University of Illinois

Popularity at the box office, of course, is not the sine qua non of excellence in a film, but as a high-profile Hollywood release, Oliver Stone's Alexander was expected to earn much more money. Alexander also failed among popular critics. Their justifications for disliking the film were varied. Manohla Dargis in The New York Times found the choice of Alexander to be politically reprehensible, Peter Travers of Rolling Stone Magazine criticized Stone's excessive use of narration by Ptolemy; Roger Ebert of the Chicago Sun-Times thought the film attempted too much and delivered too little. Other critical complaints—besides the de rigeur "it's too long" and "the acting was poor"—included Colin Farrell's tinted hair, Angelina Jolie's Albanian accent,  the omission of battles AND their excessive length, and, similarly, the inclusion of implicit gay sex AND the absence of explicit gay sex.

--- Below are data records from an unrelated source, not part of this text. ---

(* Let $G$ be a proper interval graph with a proper vertex ordering $<$ and let $M$ be a uniquely restricted matching in $G$ starting with an edge $e'\in E(G)$. Let $e\in E(G)$ be such that $r(e)<l(e')$ and $\{e,e'\}$ is a uniquely restricted matching in $G$. Then $\{e\}\cup M$ is a uniquely restricted matching in $G$ starting with $e$.
   Context: Graphs are finite, simple, undirected. A proper interval graph is a graph with an interval representation (closed real intervals, adjacency iff intersection for distinct vertices) in which no interval strictly contains another. An ordering $<$ of $V(G)$ is a proper vertex ordering if for all $u<v<w$, $uw\in E(G)$ implies $uv,vw\in E(G)$. For an edge $e=uv$, $l(e)=\min_<\{u,v\}$ and $r(e)=\max_<\{u,v\}$. A matching is a set of pairwise vertex-disjoint edges; it is uniquely restricted if no other matching of $G$ matches exactly the same vertex set. For a uniquely restricted matching $M$ in such $G$, its edges can be labelled $e_1,\dots,e_{|M|}$ with $l(e_1)<r(e_1)<l(e_2)<r(e_2)<\cdots<l(e_{|M|})<r(e_{|M|})$, and $M$ is said to start with $e_1$ (the edge of $M$ with the $<$-smallest $l$-value). *)

theory Defs
  imports Main "HOL-Library.Disjoint_Sets" Complex_Main
begin

definition simple_graph :: "'a set \<Rightarrow> 'a set set \<Rightarrow> bool" where
  "simple_graph V E \<longleftrightarrow> finite V \<and> (\<forall>e\<in>E. e \<subseteq> V \<and> card e = 2)"

definition proper_interval_graph :: "'a set \<Rightarrow> 'a set set \<Rightarrow> bool" where
  "proper_interval_graph V E \<longleftrightarrow>
     (\<exists>a b :: 'a \<Rightarrow> real.
        (\<forall>v\<in>V. a v \<le> b v) \<and>
        (\<forall>u\<in>V. \<forall>v\<in>V. u \<noteq> v \<longrightarrow>
            ({u, v} \<in> E \<longleftrightarrow> {a u..b u} \<inter> {a v..b v} \<noteq> {})) \<and>
        (\<forall>u\<in>V. \<forall>v\<in>V. \<not> ({a u..b u} \<subset> {a v..b v})))"
lemma sum_records_below_above:
  assumes "L \<in> {1..n}"
  shows "(\<Sum>\<pi>\<in>permutations_of_set {1..n}. real (records (<) {1..<L} \<pi> + records (>) {L<..n} \<pi>))
           = fact n * (harm (L - 1) + harm (n - L))"
proof -
  have "{1..<L} \<inter> {1..n} = {1..<L}" "{L<..n} \<inter> {1..n} = {L<..n}"
    using assms by auto
  then show ?thesis
    by (simp add: sum.distrib distrib_left strict_total_order.sum_records[OF strict_total_order_less]
        strict_total_order.sum_records[OF strict_total_order_greater])
qed

lemma norm_sum_iexp_depth_minus_records_le:
  assumes L: "L \<in> {1..n}"
  shows "norm ((\<Sum>\<pi>\<in>permutations_of_set {1..n}. iexp (s * X_depth L \<pi>))
           - (\<Sum>\<pi>\<in>permutations_of_set {1..n}. iexp (s * real (records (<) {1..<L} \<pi> + records (>) {L<..n} \<pi>))))
         \<le> fact n * (2 * \<bar>s\<bar>)"
    (is "norm (?X - ?S) \<le> _")
proof -
  let ?P = "permutations_of_set {1..n}"
  have "norm (?X - ?S) \<le> \<bar>s\<bar> * ((\<Sum>\<pi>\<in>?P. real (records (<) {1..<L} \<pi> + records (>) {L<..n} \<pi>))
      - (\<Sum>\<pi>\<in>?P. X_depth L \<pi>))"
    using X_depth_le_records[OF _ L] by (intro norm_sum_iexp_diff_le)
  also have "\<dots> = fact n * (\<bar>s\<bar> * (harm (L - 1) + harm (n - L) - E_depth n L))"
    unfolding sum_records_below_above[OF L] by (simp add: E_depth_eq_sum algebra_simps)
  also have "\<dots> \<le> fact n * (2 * \<bar>s\<bar>)"
    using E_depth_bounds(2)[OF L] mult_left_mono[of "harm (L - 1) + harm (n - L) - E_depth n L" 2 "\<bar>s\<bar>"]
    by (simp add: mult.commute)
  finally show ?thesis .
qed
lemma ennreal_Wfun_insert_diff_le:
  fixes \<eta> :: "'a::euclidean_space set"
  assumes h_nonneg: "\<And>x. 0 \<le> h x" and h: "h summable_on \<eta>"
    and psi: "(\<lambda>(u, v). psi \<phi> K u v) summable_on offdiag \<eta>"
    and psi_nonneg: "\<And>x y. x \<noteq> y \<Longrightarrow> 0 \<le> psi \<phi> K x y"
  shows "ennreal (Wfun h \<phi> K (insert x \<eta>) - Wfun h \<phi> K \<eta>)
    \<le> ennreal (h x) + (\<integral>\<^sup>+y. ennreal (psi \<phi> K x y) \<partial>count_space \<eta>)"
    (is "_ \<le> _ + ?S")
proof (cases "x \<in> \<eta> \<or> ?S = \<infinity>")
  case True
  then show ?thesis by (elim disjE) (simp_all add: insert_absorb)
next
  case False
  then have x: "x \<notin> \<eta>" and S_finite: "?S < \<infinity>"
    by (simp_all add: less_top[symmetric])
  have nonneg: "0 \<le> psi \<phi> K x y" if "y \<in> \<eta>" for y
    using x that by (intro psi_nonneg) auto
  then have summable: "(\<lambda>y. psi \<phi> K x y) summable_on \<eta>"
    using S_finite by (rule summable_on_if_nn_integral_count_space_finite)
  have "ennreal (Wfun h \<phi> K (insert x \<eta>) - Wfun h \<phi> K \<eta>) = ennreal (h x + (\<Sum>\<^sub>\<infinity>y\<in>\<eta>. psi \<phi> K x y))"
    using Wfun_insert[OF x h summable_on_offdiag_insert[OF x psi summable]] by simp
  also have "\<dots> = ennreal (h x) + ennreal (\<Sum>\<^sub>\<infinity>y\<in>\<eta>. psi \<phi> K x y)"
    using h_nonneg nonneg by (intro ennreal_plus infsum_nonneg) auto
  also have "ennreal (\<Sum>\<^sub>\<infinity>y\<in>\<eta>. psi \<phi> K x y) = ?S"
    using nonneg summable by (rule nn_integral_count_space_eq_infsum[symmetric])
  finally show ?thesis by (rule eq_refl)
qed

lemma borel_measurable_nn_integral_count_space:
  assumes "countable A" and "\<And>y. y \<in> A \<Longrightarrow> (\<lambda>x. f x y) \<in> borel_measurable M"
  shows "(\<lambda>x. \<integral>\<^sup>+y. f x y \<partial>count_space A) \<in> borel_measurable M"
proof -
  interpret A: sigma_finite_measure "count_space A"
    by (rule sigma_finite_measure_count_space_countable[OF assms(1)])
  have "(\<lambda>p. f (snd p) (fst p)) \<in> borel_measurable (count_space A \<Otimes>\<^sub>M M)"
    using assms by (intro measurable_pair_measure_countable1) auto
  then have "(\<lambda>(x, y). f x y) \<in> borel_measurable (M \<Otimes>\<^sub>M count_space A)"
    by (subst measurable_pair_swap_iff) (simp add: case_prod_beta)
  then show ?thesis by (rule A.borel_measurable_nn_integral)
qed

lemma nn_integral_psi_le_C1:
  fixes \<phi> :: "'a::euclidean_space \<Rightarrow> real"
  assumes \<phi>: "\<phi> \<in> borel_measurable lborel" "\<And>x. 0 \<le> \<phi> x"
    and K_mono: "\<And>p q. 0 < p \<Longrightarrow> p \<le> q \<Longrightarrow> K q \<le> K p"
  shows "(\<integral>\<^sup>+x. ennreal (psi \<phi> K x y) \<partial>lborel) \<le> C1 \<phi> K * ennreal (\<phi> y)"
proof -
  have "(\<lambda>x. K (dist y x)) \<in> borel_measurable lborel"
    using borel_measurable_antimono_dist[of K y, OF K_mono] by (simp add: dist_commute)
  then have meas: "(\<lambda>x. ennreal (\<phi> x * K (dist y x))) \<in> borel_measurable lborel"
    using \<phi>(1) by measurable
  have "psi \<phi> K x y = (\<phi> x * K (dist y x)) * \<phi> y" for x
    by (simp add: psi_def dist_commute mult_ac)
  then have "(\<integral>\<^sup>+x. ennreal (psi \<phi> K x y) \<partial>lborel)
      = (\<integral>\<^sup>+x. ennreal (\<phi> x * K (dist y x)) * ennreal (\<phi> y) \<partial>lborel)"
    using \<phi>(2) by (simp add: ennreal_mult'')
  also have "\<dots> = (\<integral>\<^sup>+x. ennreal (\<phi> x * K (dist y x)) \<partial>lborel) * ennreal (\<phi> y)"
    by (rule nn_integral_multc[OF meas])
  also have "\<dots> \<le> C1 \<phi> K * ennreal (\<phi> y)"
    unfolding C1_def by (intro mult_right_mono SUP_upper) auto
  finally show ?thesis .
qed

lemma nn_integral_psi_count_space_le:
  fixes \<phi> :: "'a::euclidean_space \<Rightarrow> real"
  assumes "countable \<eta>" and \<phi>: "\<phi> \<in> borel_measurable lborel" "\<And>x. 0 \<le> \<phi> x"
    and K_mono: "\<And>p q. 0 < p \<Longrightarrow> p \<le> q \<Longrightarrow> K q \<le> K p"
    and C1_finite: "C1 \<phi> K < \<infinity>" and B: "0 \<le> B"
    and h_lower: "\<And>x. 2 * enn2real (C1 \<phi> K) * B * \<phi> x \<le> h x"
    and h_nonneg: "\<And>x. 0 \<le> h x" and h: "h summable_on \<eta>"
  shows "ennreal B * (\<integral>\<^sup>+x. (\<integral>\<^sup>+y. ennreal (psi \<phi> K x y) \<partial>count_space \<eta>) \<partial>lborel)
    \<le> ennreal ((\<Sum>\<^sub>\<infinity>y\<in>\<eta>. h y) / 2)"
proof -
  define c where "c = enn2real (C1 \<phi> K)"
  have C1_eq: "C1 \<phi> K = ennreal c" and "0 \<le> c"
    using C1_finite by (simp_all add: c_def)
  have psi_meas: "(\<lambda>x. ennreal (psi \<phi> K x y)) \<in> borel_measurable lborel" for y
    using borel_measurable_psi[OF \<phi>(1) K_mono] by measurable
  have pointwise: "ennreal B * (\<integral>\<^sup>+x. ennreal (psi \<phi> K x y) \<partial>lborel) \<le> ennreal (h y / 2)" for y
  proof -
    have "ennreal B * (\<integral>\<^sup>+x. ennreal (psi \<phi> K x y) \<partial>lborel) \<le> ennreal B * (C1 \<phi> K * ennreal (\<phi> y))"
      using \<phi> K_mono by (intro mult_left_mono nn_integral_psi_le_C1) auto
    also have "\<dots> = ennreal (B * c * \<phi> y)"
      using B \<open>0 \<le> c\<close> \<phi>(2)[of y] by (simp add: C1_eq ennreal_mult mult.assoc)
    also have "\<dots> \<le> ennreal (h y / 2)"
      using h_lower[of y] by (intro ennreal_leI) (simp add: c_def mult_ac)
    finally show ?thesis .
  qed
  have "ennreal B * (\<integral>\<^sup>+x. (\<integral>\<^sup>+y. ennreal (psi \<phi> K x y) \<partial>count_space \<eta>) \<partial>lborel)
      = (\<integral>\<^sup>+y. ennreal B * (\<integral>\<^sup>+x. ennreal (psi \<phi> K x y) \<partial>lborel) \<partial>count_space \<eta>)"
    using nn_integral_count_space_nn_integral[OF \<open>countable \<eta>\<close> psi_meas]
    by (simp add: nn_integral_cmult)
  also have "\<dots> \<le> (\<integral>\<^sup>+y. ennreal (h y / 2) \<partial>count_space \<eta>)"
    by (intro nn_integral_mono pointwise)
  also have "\<dots> = ennreal (\<Sum>\<^sub>\<infinity>y\<in>\<eta>. h y / 2)"
    using h_nonneg summable_on_cmult_left[OF h, of "1/2"]
    by (intro nn_integral_count_space_eq_infsum) simp_all
  also have "(\<Sum>\<^sub>\<infinity>y\<in>\<eta>. h y / 2) = (\<Sum>\<^sub>\<infinity>y\<in>\<eta>. h y) / 2"
    using infsum_cmult_left'[of h "1/2" \<eta>] by simp
  finally show ?thesis .
qed

lemma integral_Wfun_insert_le:
  fixes \<eta> :: "'a::euclidean_space set" and b :: "'a \<Rightarrow> real"
  assumes b: "\<And>x. 0 \<le> b x" "\<And>x. b x \<le> B"
    and "countable \<eta>" and \<phi>: "\<phi> \<in> borel_measurable lborel" "\<And>x. 0 \<le> \<phi> x"
    and K_nonneg: "\<And>q. 0 < q \<Longrightarrow> 0 \<le> K q" and K_mono: "\<And>p q. 0 < p \<Longrightarrow> p \<le> q \<Longrightarrow> K q \<le> K p"
    and C1_finite: "C1 \<phi> K < \<infinity>" and h_lower: "\<And>x. 2 * enn2real (C1 \<phi> K) * B * \<phi> x \<le> h x"
    and h_int: "integrable lborel h" and h_nonneg: "\<And>x. 0 \<le> h x" and h: "h summable_on \<eta>"
    and psi: "(\<lambda>(u, v). psi \<phi> K u v) summable_on offdiag \<eta>"
  shows "(\<integral>x. b x * (Wfun h \<phi> K (insert x \<eta>) - Wfun h \<phi> K \<eta>) \<partial>lborel)
    \<le> B * (\<integral>x. h x \<partial>lborel) + (\<Sum>\<^sub>\<infinity>y\<in>\<eta>. h y) / 2"
proof -
  define S where "S x = (\<integral>\<^sup>+y. ennreal (psi \<phi> K x y) \<partial>count_space \<eta>)" for x
  have B: "0 \<le> B" using b order_trans by blast
  have psi_nonneg: "x \<noteq> y \<Longrightarrow> 0 \<le> psi \<phi> K x y" for x y
    using \<phi>(2) K_nonneg by (rule psi_nonneg)
  have S_meas: "S \<in> borel_measurable lborel"
    unfolding S_def using \<open>countable \<eta>\<close> borel_measurable_psi[OF \<phi>(1) K_mono]
    by (intro borel_measurable_nn_integral_count_space) auto
  have h_meas: "h \<in> borel_measurable lborel"
    using h_int by (rule borel_measurable_integrable)
  have int_h: "0 \<le> (\<integral>x. h x \<partial>lborel)"
    using h_nonneg by (simp add: integral_nonneg_AE)
  have sum_h: "0 \<le> (\<Sum>\<^sub>\<infinity>y\<in>\<eta>. h y)"
    using h_nonneg by (rule infsum_nonneg)
  have pointwise: "ennreal (b x * (Wfun h \<phi> K (insert x \<eta>) - Wfun h \<phi> K \<eta>)) \<le> ennreal B * (ennreal (h x) + S x)" for x
  proof -
    have "ennreal (b x * (Wfun h \<phi> K (insert x \<eta>) - Wfun h \<phi> K \<eta>))
        = ennreal (b x) * ennreal (Wfun h \<phi> K (insert x \<eta>) - Wfun h \<phi> K \<eta>)"
      using b(1) by (rule ennreal_mult')
    also have "\<dots> \<le> ennreal B * (ennreal (h x) + S x)"
      unfolding S_def using b(2) h_nonneg h psi psi_nonneg
      by (intro mult_mono ennreal_leI ennreal_Wfun_insert_diff_le) auto
    finally show ?thesis .
  qed
  have "(\<integral>\<^sup>+x. ennreal (b x * (Wfun h \<phi> K (insert x \<eta>) - Wfun h \<phi> K \<eta>)) \<partial>lborel)
      \<le> (\<integral>\<^sup>+x. ennreal B * (ennreal (h x) + S x) \<partial>lborel)"
    by (intro nn_integral_mono pointwise)
  also have "\<dots> = ennreal B * (\<integral>\<^sup>+x. ennreal (h x) \<partial>lborel) + ennreal B * (\<integral>\<^sup>+x. S x \<partial>lborel)"
    using h_meas S_meas by (simp add: nn_integral_cmult nn_integral_add distrib_left)
  also have "\<dots> \<le> ennreal (B * (\<integral>x. h x \<partial>lborel)) + ennreal ((\<Sum>\<^sub>\<infinity>y\<in>\<eta>. h y) / 2)"
    using nn_integral_psi_count_space_le[OF \<open>countable \<eta>\<close> \<phi> K_mono C1_finite B h_lower h_nonneg h]
      nn_integral_eq_integral[OF h_int] h_nonneg B
    by (intro add_mono) (simp_all add: S_def ennreal_mult)
  also have "\<dots> = ennreal (B * (\<integral>x. h x \<partial>lborel) + (\<Sum>\<^sub>\<infinity>y\<in>\<eta>. h y) / 2)"
    using B int_h sum_h by (simp add: ennreal_plus)
  finally show ?thesis
    using B int_h sum_h by (intro integral_real_bounded) auto
qed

Stone has made films involving such controversial, complicated, hot-button issues as the Kennedy assassination, the Nixon presidency, and the Viet Nam war overseas and at home. He knows how to sift through written material and transfer it to the screen. He is an artist who intentionally makes controversial films about controversial subjects. And yet it seems as if almost every time he releases a film critics and the public expect something quite different, or rather, something uncontroversial. They fail to follow the progress of this innovative artist. Alexander is not at all the failed traditional Hollywood ancient biopic that it seems to be at first glance.

This paper will provide a new reading of the film. Salient points will include how Stone 1) employs quasi-Aeschylean animal symbols of the panther, horse, eagle, and snake to organize his material and give it a supernatural element superior to that in perhaps any other film set in antiquity, 2) infuses his script with significant mythological allusions (particularly to Heracles [sic], Medea,  and Prometheus) to give it a genuinely ancient historical perspective, and 3) makes several parallels between Achilles/Patroclus and Alexander/Hephaestion to render their homosexual relationship as the alpha and omega of Alexander's romantic vision. I will also address Alexander's dysfunctional psychological history and Colin Farrell's portrayal of him.